Exercise instructions: Within the records below is a range that opens at the line with "unfolding \<gamma>_convex_comb using" and closes at the line with "(fst p) (m * x))". Return that range word for word, both ends included, and only that range.

═══ Data for this exercise

(* In the setting below, the iterates of Algorithm PDC satisfy, for all $k\ge0$, $$\psi(y^{k+1},v^{k+1};\rho^k)\le\psi(y^k,v^k;\rho^k)-\rho^k\beta^k\|(y^{k+1}-y^k,\ v^{k+1}-v^k)\|_2^2,$$ where $\psi(y,v;\rho)=F(y,v)+\rho\,\varphi(y,v)$.
   Context: Setting. $\mathcal A$ is a finite set of links; $\mathcal V=\{\Delta h: h\ge0,\ \Lambda h=d\}\subset\mathbb R^{|\mathcal A|}$, where $\Delta$ is a 0/1 link–route incidence matrix, $\Lambda$ a 0/1 OD–route incidence matrix in which every route belongs to exactly one OD pair and every OD pair has at least one route, and $d>0$ (so $\mathcal V$ is a nonempty compact convex polytope in $\mathbb R^{|\mathcal A|}_{\ge0}$). Let $u_a\ge0$, $\mathcal Y=\{y: 0\le y_a\le u_a\ \forall a\}$, $1\le\tau\le|\mathcal A|$, $\Upsilon_\tau=\{y\in\mathcal Y: |\{a: y_a>0\}|\le\tau\}$. Standing assumptions: each $t_a(y_a,v_a)$ is continuously differentiable and strictly increasing in $v_a$ for $y_a\ge0$; each $G_a$ is nonnegative, continuously differentiable, strictly increasing, convex; $\int_0^{v_a}t_a(y_a,w)dw$ and $t_a(y_a,v_a)v_a$ are convex in $(y_a,v_a)$. With $\eta>0$: $F(y,v)=\sum_a t_a(y_a,v_a)v_a+\eta\sum_aG_a(y_a)$, $f(y,v)=\sum_a\int_0^{v_a}t_a(y_a,w)dw$, $g(y)=\min_{v\in\mathcal V}f(y,v)$, $\varphi(y,v)=f(y,v)-g(y)$. $\mathcal V^*(y)$ is the set of $v\in\mathcal V$ with $\langle t(y,v),v'-v\rangle\ge0$ for all $v'\in\mathcal V$; it is a singleton equal to $\arg\min_{v\in\mathcal V}f(y,v)$. Known fact: $g$ is convex and continuously differentiable on $\mathcal Y$. Define $\Phi(y,v;\bar y,\bar v)=f(y,v)-g(\bar y)-\nabla g(\bar y)^{\mathsf T}(y-\bar y)$ and, for given $\rho^k,\beta^k>0$ and $(y^k,v^k)$, $\Psi^k(y,v)=F(y,v)+\rho^k\Phi(y,v;y^k,v^k)+\rho^k\beta^k\|(y-y^k,v-v^k)\|_2^2$. Algorithm AMA with inputs $(\rho^k,\beta^k,y^k,v^k;y^{k,0})$: for $j=0,1,\dots$: $v^{k,j+1}$ = unique minimizer of $\Psi^k(y^{k,j},\cdot)$ over $\mathcal V$; $y^{k,j+1}$ = a minimizer of $\Psi^k(\cdot,v^{k,j+1})$ over $\Upsilon_\tau$; stop if $(y^{k,j+1},v^{k,j+1})$ is partially optimal (i.e. $\Psi^k(y^{k,j+1},v^{k,j+1})\le\Psi^k(y^{k,j+1},v)\ \forall v\in\mathcal V$ and $\le\Psi^k(y,v^{k,j+1})\ \forall y\in\Upsilon_\tau$). $\mathrm{AMA}(\cdot)$ denotes the returned point if it stops, otherwise any accumulation point of its iterates. Algorithm PDC with parameters $\epsilon_1,\epsilon_2,\epsilon_3>0$, $0<\theta_l<\theta_u$, $\rho^0>0$, $\sigma>1$, $y^0\in\Upsilon_\tau$: set $v^0\in\mathcal V^*(y^0)$ and choose $\beta^0\in[\theta_l/\rho^0,\theta_u/\rho^0]$; for $k=0,1,\dots$: (i) $(y^{k+1},v^{k+1})=\mathrm{AMA}(\rho^k,\beta^k,y^k,v^k;y^k)$; (ii) if $\|y^{k+1}-y^k\|_2\le\epsilon_1$, $\|v^{k+1}-v^k\|_2\le\epsilon_2$ and $\Phi(y^{k+1},v^{k+1};y^k,v^k)\le\epsilon_3$, stop and return $(y^{k+1},v^{k+1})$; (iii) set $\rho^{k+1}=\sigma\rho^k$ if $\Phi(y^{k+1},v^{k+1};y^k,v^k)>\epsilon_3$, else $\rho^{k+1}=\rho^k$; (iv) choose $\beta^{k+1}\in[\theta_l/\rho^{k+1},\theta_u/\rho^{k+1}]$. *)

theory Defs
  imports "HOL-Analysis.Analysis"
begin

text \<open>Links are the finite type 'a, routes the finite type 'r, OD pairs the finite type 'w.
  Link vectors live in real^'a. Delta is the link-route incidence matrix, Lambda the
  OD-route incidence matrix.\<close>

definition flowset ::
  "('a::finite \<Rightarrow> 'r::finite \<Rightarrow> real) \<Rightarrow> ('w::finite \<Rightarrow> 'r \<Rightarrow> real) \<Rightarrow> ('w \<Rightarrow> real) \<Rightarrow> (real^'a) set" where
  "flowset Delta Lambda d =
     {v. \<exists>h::'r \<Rightarrow> real. (\<forall>r. 0 \<le> h r) \<and> (\<forall>w. (\<Sum>r\<in>UNIV. Lambda w r * h r) = d w)
          \<and> v = (\<chi> a. \<Sum>r\<in>UNIV. Delta a r * h r)}"

definition boxset :: "real^'a::finite \<Rightarrow> (real^'a) set" where
  "boxset u = {y. \<forall>a. 0 \<le> y$a \<and> y$a \<le> u$a}"

definition sparse_box :: "real^'a::finite \<Rightarrow> nat \<Rightarrow> (real^'a) set" where
  "sparse_box u \<tau> = {y \<in> boxset u. card {a. 0 < y$a} \<le> \<tau>}"

definition Fobj :: "('a::finite \<Rightarrow> real \<Rightarrow> real \<Rightarrow> real) \<Rightarrow> ('a \<Rightarrow> real \<Rightarrow> real) \<Rightarrow> real
     \<Rightarrow> real^'a \<Rightarrow> real^'a \<Rightarrow> real" where
  "Fobj t G \<eta> y v = (\<Sum>a\<in>UNIV. t a (y$a) (v$a) * v$a) + \<eta> * (\<Sum>a\<in>UNIV. G a (y$a))"

definition fpot :: "('a::finite \<Rightarrow> real \<Rightarrow> real \<Rightarrow> real) \<Rightarrow> real^'a \<Rightarrow> real^'a \<Rightarrow> real" where
  "fpot t y v = (\<Sum>a\<in>UNIV. integral {0..v$a} (t a (y$a)))"

definition gval :: "('a::finite \<Rightarrow> real \<Rightarrow> real \<Rightarrow> real) \<Rightarrow> (real^'a) set \<Rightarrow> real^'a \<Rightarrow> real" where
  "gval t V y = (INF v\<in>V. fpot t y v)"

definition phi :: "('a::finite \<Rightarrow> real \<Rightarrow> real \<Rightarrow> real) \<Rightarrow> (real^'a) set \<Rightarrow> real^'a \<Rightarrow> real^'a \<Rightarrow> real" where
  "phi t V y v = fpot t y v - gval t V y"

definition Phi :: "('a::finite \<Rightarrow> real \<Rightarrow> real \<Rightarrow> real) \<Rightarrow> (real^'a) set \<Rightarrow> (real^'a \<Rightarrow> real^'a)
     \<Rightarrow> real^'a \<Rightarrow> real^'a \<Rightarrow> real^'a \<Rightarrow> real^'a \<Rightarrow> real" where
  "Phi t V gradg y v yb vb = fpot t y v - gval t V yb - gradg yb \<bullet> (y - yb)"

definition Psik :: "('a::finite \<Rightarrow> real \<Rightarrow> real \<Rightarrow> real) \<Rightarrow> ('a \<Rightarrow> real \<Rightarrow> real) \<Rightarrow> real
     \<Rightarrow> (real^'a) set \<Rightarrow> (real^'a \<Rightarrow> real^'a) \<Rightarrow> real \<Rightarrow> real \<Rightarrow> real^'a \<Rightarrow> real^'a
     \<Rightarrow> real^'a \<Rightarrow> real^'a \<Rightarrow> real" where
  "Psik t G \<eta> V gradg \<rho> \<beta> yk vk y v =
     Fobj t G \<eta> y v + \<rho> * Phi t V gradg y v yk vk + \<rho> * \<beta> * (norm (y - yk, v - vk))\<^sup>2"

definition psi :: "('a::finite \<Rightarrow> real \<Rightarrow> real \<Rightarrow> real) \<Rightarrow> ('a \<Rightarrow> real \<Rightarrow> real) \<Rightarrow> real
     \<Rightarrow> (real^'a) set \<Rightarrow> real^'a \<Rightarrow> real^'a \<Rightarrow> real \<Rightarrow> real" where
  "psi t G \<eta> V y v \<rho> = Fobj t G \<eta> y v + \<rho> * phi t V y v"

definition VI_sol :: "('a::finite \<Rightarrow> real \<Rightarrow> real \<Rightarrow> real) \<Rightarrow> (real^'a) set \<Rightarrow> real^'a \<Rightarrow> (real^'a) set" where
  "VI_sol t V y = {v \<in> V. \<forall>v'\<in>V. 0 \<le> (\<Sum>a\<in>UNIV. t a (y$a) (v$a) * (v'$a - v$a))}"

definition partially_optimal :: "('y \<Rightarrow> 'v \<Rightarrow> real) \<Rightarrow> 'y set \<Rightarrow> 'v set \<Rightarrow> 'y \<Rightarrow> 'v \<Rightarrow> bool" where
  "partially_optimal P Y V y v \<longleftrightarrow> (\<forall>v'\<in>V. P y v \<le> P y v') \<and> (\<forall>y'\<in>Y. P y v \<le> P y' v)"

definition ama_steps :: "('y \<Rightarrow> 'v \<Rightarrow> real) \<Rightarrow> 'y set \<Rightarrow> 'v set \<Rightarrow> 'y
     \<Rightarrow> (nat \<Rightarrow> 'y) \<Rightarrow> (nat \<Rightarrow> 'v) \<Rightarrow> nat \<Rightarrow> bool" where
  "ama_steps P Y V y0 ys vs n \<longleftrightarrow> ys 0 = y0 \<and>
     (\<forall>j<n. vs (Suc j) \<in> V \<and> (\<forall>v\<in>V. P (ys j) (vs (Suc j)) \<le> P (ys j) v)
          \<and> ys (Suc j) \<in> Y \<and> (\<forall>y\<in>Y. P (ys (Suc j)) (vs (Suc j)) \<le> P y (vs (Suc j))))"

text \<open>p is a possible output of AMA started at y0: the returned point if it stops,
  otherwise an accumulation point of the (infinite) iterate sequence.\<close>
definition ama_output :: "('y::topological_space \<Rightarrow> 'v::topological_space \<Rightarrow> real) \<Rightarrow> 'y set \<Rightarrow> 'v set \<Rightarrow> 'y
     \<Rightarrow> 'y \<times> 'v \<Rightarrow> bool" where
  "ama_output P Y V y0 p \<longleftrightarrow>
     (\<exists>ys vs J. 0 < J \<and> ama_steps P Y V y0 ys vs J \<and> partially_optimal P Y V (ys J) (vs J)
        \<and> (\<forall>j. 0 < j \<and> j < J \<longrightarrow> \<not> partially_optimal P Y V (ys j) (vs j))
        \<and> p = (ys J, vs J))
   \<or> (\<exists>ys vs. (\<forall>n. ama_steps P Y V y0 ys vs n)
        \<and> (\<forall>j>0. \<not> partially_optimal P Y V (ys j) (vs j))
        \<and> (\<exists>r. strict_mono r \<and> ((\<lambda>j. (ys (r j), vs (r j))) \<longlongrightarrow> p) sequentially))"

end

theory Submission
  imports Defs
begin

text \<open>Every point produced by the alternating minimization AMA has a value of \<open>\<Psi>\<^sup>k\<close> no larger
  than at its starting point \<open>(y\<^sup>k, v\<^sup>k)\<close>: the iterates decrease \<open>\<Psi>\<^sup>k\<close> monotonically, and an
  accumulation point inherits the bound since \<open>\<Psi>\<^sup>k\<close> is continuous and \<open>\<Upsilon>\<^sub>\<tau> \<times> V\<close> is closed.
  On the other hand \<open>\<Psi>\<^sup>k\<close> agrees with \<open>\<psi>(\<cdot>;\<rho>\<^sup>k)\<close> at \<open>(y\<^sup>k, v\<^sup>k)\<close> and majorizes
  \<open>\<psi>(\<cdot>;\<rho>\<^sup>k) + \<rho>\<^sup>k\<beta>\<^sup>k\<parallel>\<cdot> - (y\<^sup>k, v\<^sup>k)\<parallel>\<^sup>2\<close> everywhere on the box, because the linearization of the
  convex function \<open>g\<close> at \<open>y\<^sup>k\<close> lies below \<open>g\<close>.\<close>

lemma convex_on_above_tangent:
  fixes g :: "'v::real_normed_vector \<Rightarrow> real"
  assumes "convex_on S g" "x \<in> S" "y \<in> S"
    and deriv: "(g has_derivative D) (at x within S)"
  shows "g x + D (y - x) \<le> g y"
proof -
  define \<gamma> where "\<gamma> = (\<lambda>s::real. x + s *\<^sub>R (y - x))"
  have \<gamma>_convex_comb: "\<gamma> s = (1 - s) *\<^sub>R x + s *\<^sub>R y" for s
    by (simp add: \<gamma>_def algebra_simps)
  have "\<gamma> ` {0..1} \<subseteq> S"
    using convex_on_imp_convex[OF assms(1)] assms(2,3) by (auto simp: \<gamma>_convex_comb intro: convexD_alt)
  moreover have "(\<gamma> has_derivative (\<lambda>s. s *\<^sub>R (y - x))) (at 0 within {0..1})"
    unfolding \<gamma>_def by (auto intro!: derivative_eq_intros)
  ultimately have "((g \<circ> \<gamma>) has_derivative (D \<circ> (\<lambda>s. s *\<^sub>R (y - x)))) (at 0 within {0..1})"
    using deriv by (intro diff_chain_within) (auto simp: \<gamma>_def intro: has_derivative_subset)
  moreover have "D \<circ> (\<lambda>s. s *\<^sub>R (y - x)) = (\<lambda>s. D (y - x) * s)"
    using has_derivative_linear[OF deriv] by (auto simp: o_def linear_cmul)
  ultimately have "((g \<circ> \<gamma>) has_real_derivative D (y - x)) (at 0 within {0..1})"
    by (simp add: has_field_derivative_def)
  then have "((\<lambda>s. ((g \<circ> \<gamma>) s - (g \<circ> \<gamma>) 0) / (s - 0)) \<longlongrightarrow> D (y - x)) (at 0 within {0..1})"
    by (simp add: has_field_derivative_iff)
  moreover have "\<forall>\<^sub>F s in at 0 within {0..1}. ((g \<circ> \<gamma>) s - (g \<circ> \<gamma>) 0) / (s - 0) \<le> g y - g x"
    unfolding eventually_at_filter
  proof (intro always_eventually allI impI)
    fix s :: real assume s: "s \<noteq> 0" "s \<in> {0..1}"
    have "g (\<gamma> s) \<le> (1 - s) * g x + s * g y"
      unfolding \<gamma>_convex_comb using s assms(1-3) by (intro convex_onD) auto
    then have "(g \<circ> \<gamma>) s - (g \<circ> \<gamma>) 0 \<le> (g y - g x) * s"
      by (simp add: \<gamma>_def algebra_simps)
    then show "((g \<circ> \<gamma>) s - (g \<circ> \<gamma>) 0) / (s - 0) \<le> g y - g x"
      using s by (simp add: divide_le_eq)
  qed
  moreover have "at (0::real) within {0..1} \<noteq> bot"
    by (simp add: at_within_Icc_at_right)
  ultimately have "D (y - x) \<le> g y - g x"
    by (rule tendsto_upperbound)
  then show ?thesis by simp
qed

lemma continuous_on_integral_upper_param:
  fixes T :: "real \<Rightarrow> real \<Rightarrow> real"
  assumes cont: "continuous_on {q. 0 \<le> fst q} (\<lambda>q. T (fst q) (snd q))"
  shows "continuous_on {p. 0 \<le> fst p \<and> 0 \<le> snd p} (\<lambda>p. integral {0..snd p} (T (fst p)))"
proof -
  let ?Q = "{p::real \<times> real. 0 \<le> fst p \<and> 0 \<le> snd p}"
  \<comment> \<open>Rescaling to the fixed interval \<open>[0,1]\<close> turns the variable upper limit into a parameter.\<close>
  have rescale: "integral {0..snd p} (T (fst p)) = snd p * integral {0..1} (\<lambda>s. T (fst p) (snd p * s))"
    if "p \<in> ?Q" for p
  proof (cases "snd p = 0")
    case False
    define m where "m = snd p"
    have m: "0 < m" using that False by (auto simp: m_def)
    have "(\<lambda>x. x / m) ` {0..m} = {0..1}"
      using m by (auto simp: image_iff field_simps intro!: bexI[where x = "_ * m"])
    moreover have "integral ((\<lambda>x. x / m) ` {0..m}) (\<lambda>x. T (fst p) (m * x))
        = (1 / \<bar>m\<bar>) *\<^sub>R integral {0..m} (T (fst p))"
      using m by (intro integral_stretch_real) auto
    ultimately show ?thesis using m by (simp add: m_def)
  qed simp
  have "continuous_on (?Q \<times> cbox 0 1) ((\<lambda>q. T (fst q) (snd q)) \<circ> (\<lambda>(p, s). (fst p, snd p * s)))"
    by (intro continuous_on_compose continuous_on_subset[OF cont])
       (auto intro!: continuous_intros simp: split_beta)
  then have "continuous_on ?Q (\<lambda>p. snd p * integral (cbox 0 1) (\<lambda>s. T (fst p) (snd p * s)))"
    by (intro continuous_intros integral_continuous_on_param) (simp add: split_beta o_def)
  then show ?thesis
    by (rule continuous_on_cong[THEN iffD1, rotated 2]) (auto simp: rescale)
qed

══════

Answer box:
      unfolding \<gamma>_convex_comb using s assms(1-3) by (intro convex_onD) auto
    then have "(g \<circ> \<gamma>) s - (g \<circ> \<gamma>) 0 \<le> (g y - g x) * s"
      by (simp add: \<gamma>_def algebra_simps)
    then show "((g \<circ> \<gamma>) s - (g \<circ> \<gamma>) 0) / (s - 0) \<le> g y - g x"
      using s by (simp add: divide_le_eq)
  qed
  moreover have "at (0::real) within {0..1} \<noteq> bot"
    by (simp add: at_within_Icc_at_right)
  ultimately have "D (y - x) \<le> g y - g x"
    by (rule tendsto_upperbound)
  then show ?thesis by simp
qed

lemma continuous_on_integral_upper_param:
  fixes T :: "real \<Rightarrow> real \<Rightarrow> real"
  assumes cont: "continuous_on {q. 0 \<le> fst q} (\<lambda>q. T (fst q) (snd q))"
  shows "continuous_on {p. 0 \<le> fst p \<and> 0 \<le> snd p} (\<lambda>p. integral {0..snd p} (T (fst p)))"
proof -
  let ?Q = "{p::real \<times> real. 0 \<le> fst p \<and> 0 \<le> snd p}"
  \<comment> \<open>Rescaling to the fixed interval \<open>[0,1]\<close> turns the variable upper limit into a parameter.\<close>
  have rescale: "integral {0..snd p} (T (fst p)) = snd p * integral {0..1} (\<lambda>s. T (fst p) (snd p * s))"
    if "p \<in> ?Q" for p
  proof (cases "snd p = 0")
    case False
    define m where "m = snd p"
    have m: "0 < m" using that False by (auto simp: m_def)
    have "(\<lambda>x. x / m) ` {0..m} = {0..1}"
      using m by (auto simp: image_iff field_simps intro!: bexI[where x = "_ * m"])
    moreover have "integral ((\<lambda>x. x / m) ` {0..m}) (\<lambda>x. T (fst p) (m * x))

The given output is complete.